For the purposes of this Ordinance, and pursuant to the provision of Article 4 of the General Data Protection Regulation (EU) 2016/679, certain terms have the following meanings:

  • “personal data” means all data relating to an individual whose identity has been established or can be established (“respondent”); an identifiable individual is a person who can be identified directly or indirectly, in particular by means of identifiers such as name, identification number, location data, network identifier or by one or more factors specific to physical, physiological, genetic, mental , the economic, cultural or social identity of that individual;
  • “processing” means any operation or set of operations performed on personal data or on sets of personal data, whether automated or non-automated, such as collection, recording, organization, structuring, storage, adaptation or modification, retrieval, inspection, use , detection by transfer, dissemination or otherwise making available, harmonization or combination, restriction, deletion or destruction;
  • “restriction of processing” means the marking of stored personal data with the aim of restricting their processing in the future;
  • “storage system” means any structured set of personal data available according to specific criteria, whether centralized, decentralized or dispersed on a functional or geographical basis;
  • “controller” means a natural or legal person, public authority, agency or any other body which alone or jointly with others determines the purposes and means of the processing of personal data; where the purposes and means of such processing are determined by Union law or the law of a Member State, the controller or the specific criteria for his appointment may be provided for by Union law or the law of a Member State;
  • “processor” means a natural or legal person, public authority, agency or any other body which processes personal data on behalf of the controller;
  • “recipient” means a natural or legal person, public authority, agency or any other body to whom personal data are disclosed, whether or not it is a third party.

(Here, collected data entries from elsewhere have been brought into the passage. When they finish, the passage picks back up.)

(* Let $\Xi_h=\{v\in X_h: b_h(v,q)=0\ \text{for all } q\in M_h\}$. There exists a constant $\alpha>0$ such that $s_h(v,v)\ge\alpha\|v\|_*^2$ for all $v\in\Xi_h$.
   Context: Let $\Omega\subset\mathbb R^2$ be an open bounded domain with Lipschitz boundary, with coefficients $a_{ij}$ ($i,j=1,2$, forming a symmetric positive definite uniformly bounded tensor) and $c$ (non-positive, uniformly bounded). $\mathcal T_h$ is a shape-regular polygonal partition of $\Omega$, $h_T=\operatorname{diam}T$, $\mathcal E_h$ all edges, $\mathcal E_h^0$ interior edges. For an integer $k\ge2$, $X_h$ (resp. $M_h$) consists of functions that are polynomials of degree $\le k$ (resp. $\le k-2$) on each $T\in\mathcal T_h$. $Q_{k-2}$ is the $L^2$ projection onto $M_h$. Jumps: $[\![v]\!]=v|_{T_1}-v|_{T_2}$ on an interior edge $e=\partial T_1\cap\partial T_2$, $[\![v]\!]=v$ on a boundary edge; $[\![\nabla v]\!]$ analogously on interior edges. $s_h(u,v)=\sum_{e\in\mathcal E_h}h_T^{-3}\langle[\![u]\!],[\![v]\!]\rangle_e+\sum_{e\in\mathcal E_h^0}h_T^{-1}\langle[\![\nabla u]\!],[\![\nabla v]\!]\rangle_e$ ($h_T$ the diameter of an element containing $e$). $b_h(v,q)=\sum_{T}\big(\sum_{i,j=1}^2a_{ij}\partial^2_{ij}v+cv,q\big)_T$. $\|v\|_*=\big(\sum_{T}\|Q_{k-2}(\sum_{i,j}a_{ij}\partial^2_{ij}v+cv)\|_T^2+s_h(v,v)\big)^{1/2}$. *)

theory Defs
  imports "HOL-Analysis.Analysis"
begin

type_synonym pt = "real \<times> real"

definition rot :: "real \<Rightarrow> pt \<Rightarrow> pt" where
  "rot th z = (cos th * fst z - sin th * snd z, sin th * fst z + cos th * snd z)"

definition lipschitz_boundary :: "pt set \<Rightarrow> bool" where
  "lipschitz_boundary \<Omega> \<longleftrightarrow>
     (\<forall>x\<in>frontier \<Omega>. \<exists>r>0. \<exists>th. \<exists>L. \<exists>g::real\<Rightarrow>real.
        (\<forall>s t. \<bar>g s - g t\<bar> \<le> L * \<bar>s - t\<bar>) \<and>
        \<Omega> \<inter> ball x r = {y \<in> ball x r. snd (rot th (y - x)) > g (fst (rot th (y - x)))})"

definition poly2 :: "nat \<Rightarrow> (pt \<Rightarrow> real) \<Rightarrow> bool" where
  "poly2 n p \<longleftrightarrow> (\<exists>cf :: nat \<Rightarrow> nat \<Rightarrow> real.
      \<forall>x y. p (x, y) = (\<Sum>i\<le>n. \<Sum>j\<le>n - i. cf i j * x ^ i * y ^ j))"

definition pd :: "nat \<Rightarrow> (pt \<Rightarrow> real) \<Rightarrow> pt \<Rightarrow> real" where
  "pd l f z = (if l = 1 then deriv (\<lambda>t. f (t, snd z)) (fst z)
               else deriv (\<lambda>t. f (fst z, t)) (snd z))"

definition seg :: "pt \<times> pt \<Rightarrow> pt set" where
  "seg e = closed_segment (fst e) (snd e)"

definition elems :: "pt set set \<Rightarrow> pt \<times> pt \<Rightarrow> pt set set" where
  "elems \<T> e = {T \<in> \<T>. seg e \<subseteq> frontier T}"

definition interior_edges :: "pt set set \<Rightarrow> (pt \<times> pt) set \<Rightarrow> (pt \<times> pt) set" where
  "interior_edges \<T> E = {e \<in> E. card (elems \<T> e) = 2}"

definition polygonal_partition :: "pt set \<Rightarrow> pt set set \<Rightarrow> (pt \<times> pt) set \<Rightarrow> bool" where
  "polygonal_partition \<Omega> \<T> E \<longleftrightarrow>
     finite \<T> \<and> finite E \<and>
     (\<forall>T\<in>\<T>. open T \<and> T \<noteq> {} \<and> T \<subseteq> \<Omega>) \<and>
     (\<forall>T\<in>\<T>. \<forall>T'\<in>\<T>. T \<noteq> T' \<longrightarrow> T \<inter> T' = {}) \<and>
     closure \<Omega> = \<Union> (closure ` \<T>) \<and>
     (\<forall>T\<in>\<T>. frontier T = \<Union> {seg e | e. e \<in> E \<and> seg e \<subseteq> frontier T}) \<and>
     (\<forall>e\<in>E. fst e \<noteq> snd e) \<and>
     (\<forall>e\<in>E. \<forall>e'\<in>E. e \<noteq> e' \<longrightarrow> finite (seg e \<inter> seg e') \<and> card (seg e \<inter> seg e') \<le> 1) \<and>
     (\<forall>e\<in>E. (card (elems \<T> e) = 1 \<and> seg e \<subseteq> frontier \<Omega>) \<or> card (elems \<T> e) = 2)"

definition shape_regular :: "real \<Rightarrow> pt set set \<Rightarrow> bool" where
  "shape_regular \<rho> \<T> \<longleftrightarrow> (\<forall>T\<in>\<T>. \<exists>x r. r > 0 \<and> ball x r \<subseteq> T \<and> diameter T \<le> \<rho> * r)"

definition el1 :: "pt set set \<Rightarrow> pt \<times> pt \<Rightarrow> pt set" where
  "el1 \<T> e = (SOME T. T \<in> elems \<T> e)"

definition el2 :: "pt set set \<Rightarrow> pt \<times> pt \<Rightarrow> pt set" where
  "el2 \<T> e = (SOME T. T \<in> elems \<T> e - {el1 \<T> e})"

definition hE :: "pt set set \<Rightarrow> pt \<times> pt \<Rightarrow> real" where
  "hE \<T> e = diameter (el1 \<T> e)"

text \<open>Piecewise functions are given elementwise: v T is the (polynomial) piece on T.
  Jump across an edge (on boundary edges: the trace itself).\<close>
definition jump :: "pt set set \<Rightarrow> (pt set \<Rightarrow> pt \<Rightarrow> real) \<Rightarrow> pt \<times> pt \<Rightarrow> pt \<Rightarrow> real" where
  "jump \<T> v e x = (if card (elems \<T> e) = 2 then v (el1 \<T> e) x - v (el2 \<T> e) x
                   else v (el1 \<T> e) x)"

definition eint :: "pt \<times> pt \<Rightarrow> (pt \<Rightarrow> real) \<Rightarrow> real" where
  "eint e f = integral {0..1} (\<lambda>t. f (fst e + t *\<^sub>R (snd e - fst e))) * dist (fst e) (snd e)"

definition s_h :: "pt set set \<Rightarrow> (pt \<times> pt) set \<Rightarrow> (pt set \<Rightarrow> pt \<Rightarrow> real)
                   \<Rightarrow> (pt set \<Rightarrow> pt \<Rightarrow> real) \<Rightarrow> real" where
  "s_h \<T> E u v =
     (\<Sum>e\<in>E. 1 / hE \<T> e ^ 3 * eint e (\<lambda>x. jump \<T> u e x * jump \<T> v e x)) +
     (\<Sum>e\<in>interior_edges \<T> E. 1 / hE \<T> e *
        eint e (\<lambda>x. \<Sum>l\<in>{1,2}. jump \<T> (\<lambda>T. pd l (u T)) e x * jump \<T> (\<lambda>T. pd l (v T)) e x))"

definition Lop :: "(nat \<Rightarrow> nat \<Rightarrow> pt \<Rightarrow> real) \<Rightarrow> (pt \<Rightarrow> real) \<Rightarrow> (pt \<Rightarrow> real) \<Rightarrow> pt \<Rightarrow> real" where
  "Lop a c p x = (\<Sum>i\<in>{1,2}. \<Sum>j\<in>{1,2}. a i j x * pd i (pd j p) x) + c x * p x"

definition b_h :: "(nat \<Rightarrow> nat \<Rightarrow> pt \<Rightarrow> real) \<Rightarrow> (pt \<Rightarrow> real) \<Rightarrow> pt set set
                   \<Rightarrow> (pt set \<Rightarrow> pt \<Rightarrow> real) \<Rightarrow> (pt set \<Rightarrow> pt \<Rightarrow> real) \<Rightarrow> real" where
  "b_h a c \<T> v q = (\<Sum>T\<in>\<T>. integral T (\<lambda>x. Lop a c (v T) x * q T x))"

definition Qproj :: "nat \<Rightarrow> pt set \<Rightarrow> (pt \<Rightarrow> real) \<Rightarrow> pt \<Rightarrow> real" where
  "Qproj m T w = (THE q. poly2 m q \<and>
      (\<forall>r. poly2 m r \<longrightarrow> integral T (\<lambda>x. (w x - q x) * r x) = 0))"

definition star_norm :: "(nat \<Rightarrow> nat \<Rightarrow> pt \<Rightarrow> real) \<Rightarrow> (pt \<Rightarrow> real) \<Rightarrow> nat \<Rightarrow> pt set set
                   \<Rightarrow> (pt \<times> pt) set \<Rightarrow> (pt set \<Rightarrow> pt \<Rightarrow> real) \<Rightarrow> real" where
  "star_norm a c k \<T> E v = sqrt
     ((\<Sum>T\<in>\<T>. integral T (\<lambda>x. (Qproj (k - 2) T (Lop a c (v T)) x)\<^sup>2)) + s_h \<T> E v v)"

definition Xh :: "nat \<Rightarrow> pt set set \<Rightarrow> (pt set \<Rightarrow> pt \<Rightarrow> real) set" where
  "Xh k \<T> = {v. \<forall>T\<in>\<T>. poly2 k (v T)}"

definition Mh :: "nat \<Rightarrow> pt set set \<Rightarrow> (pt set \<Rightarrow> pt \<Rightarrow> real) set" where
  "Mh k \<T> = {q. \<forall>T\<in>\<T>. poly2 (k - 2) (q T)}"

definition Xi_h :: "(nat \<Rightarrow> nat \<Rightarrow> pt \<Rightarrow> real) \<Rightarrow> (pt \<Rightarrow> real) \<Rightarrow> nat \<Rightarrow> pt set set
                   \<Rightarrow> (pt set \<Rightarrow> pt \<Rightarrow> real) set" where
  "Xi_h a c k \<T> = {v \<in> Xh k \<T>. \<forall>q\<in>Mh k \<T>. b_h a c \<T> v q = 0}"

end

theory Submission
  imports Defs
begin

However, public authorities which may receive personal data in the context of a particular investigation in accordance with Union or Member State law shall not be considered as recipients; the processing of such data by those public authorities must comply with the applicable data protection rules according to the purposes of the processing;
  • “third party” means a natural or legal person, public authority, agency or other body other than the respondent, the controller, the processor or persons authorized to process personal data under the direct authority of the controller or processor;
  • “consent” of the respondent means any voluntary, special, informed and unambiguous expression of the respondent's wishes by which he or she gives consent to the processing of personal data relating to him or her by a statement or clear affirmative action;
  • “personal data breach” means a breach of security that results in the accidental or unlawful destruction, loss, alteration, unauthorized disclosure or access to personal data transmitted, stored or otherwise processed;

PRINCIPLES OF PERSONAL DATA PROCESSING

Article 3.

Pursuant to this Ordinance, personal data must be:

  • processed legally, fairly and transparently with respect to the respondent;
  • collected for special, explicit and lawful purposes and may not be further processed in a manner inconsistent with those purposes;
  • appropriate, relevant and limited to what is necessary in relation to the purposes for which they are processed;
  • accurate and up to date as required;
  • kept in a form that allows the identification of respondents only for as long as is necessary for the purposes for which personal data are processed;
  • processed in a way that ensures adequate security of personal data, including protection against unauthorized or unlawful processing and against accidental loss, destruction or damage through the application of appropriate technical or organizational measures;

LEGALITY OF PROCESSING

Article 4.

Processing is lawful only if and to the extent that at least one of the following is met:

  • the respondent has consented to the processing of his or her personal data for one or more specific purposes;
  • processing is necessary for the performance of the contract to which the respondent is a party or in order to take action at the request of the respondent prior to the conclusion of the contract;
  • processing is necessary to comply with the legal obligations of the processing manager;
  • processing is necessary to protect the key interests of the respondent or other natural person;
  • processing is necessary for the performance of a task of public interest or in the performance of the official authority of the controller;
  • processing is necessary for the legitimate interests of the controller or a third party, except where those interests are stronger than the interests or fundamental rights and freedoms of the respondent requiring the protection of personal data, especially if the respondent is a child.

Article 5.

(1) Consent by which the respondent consents to the processing of personal data relating to him is voluntary, in writing with easy-to-understand, clear and simple language, clearly indicated for the purpose for which it is given and without unfair conditions.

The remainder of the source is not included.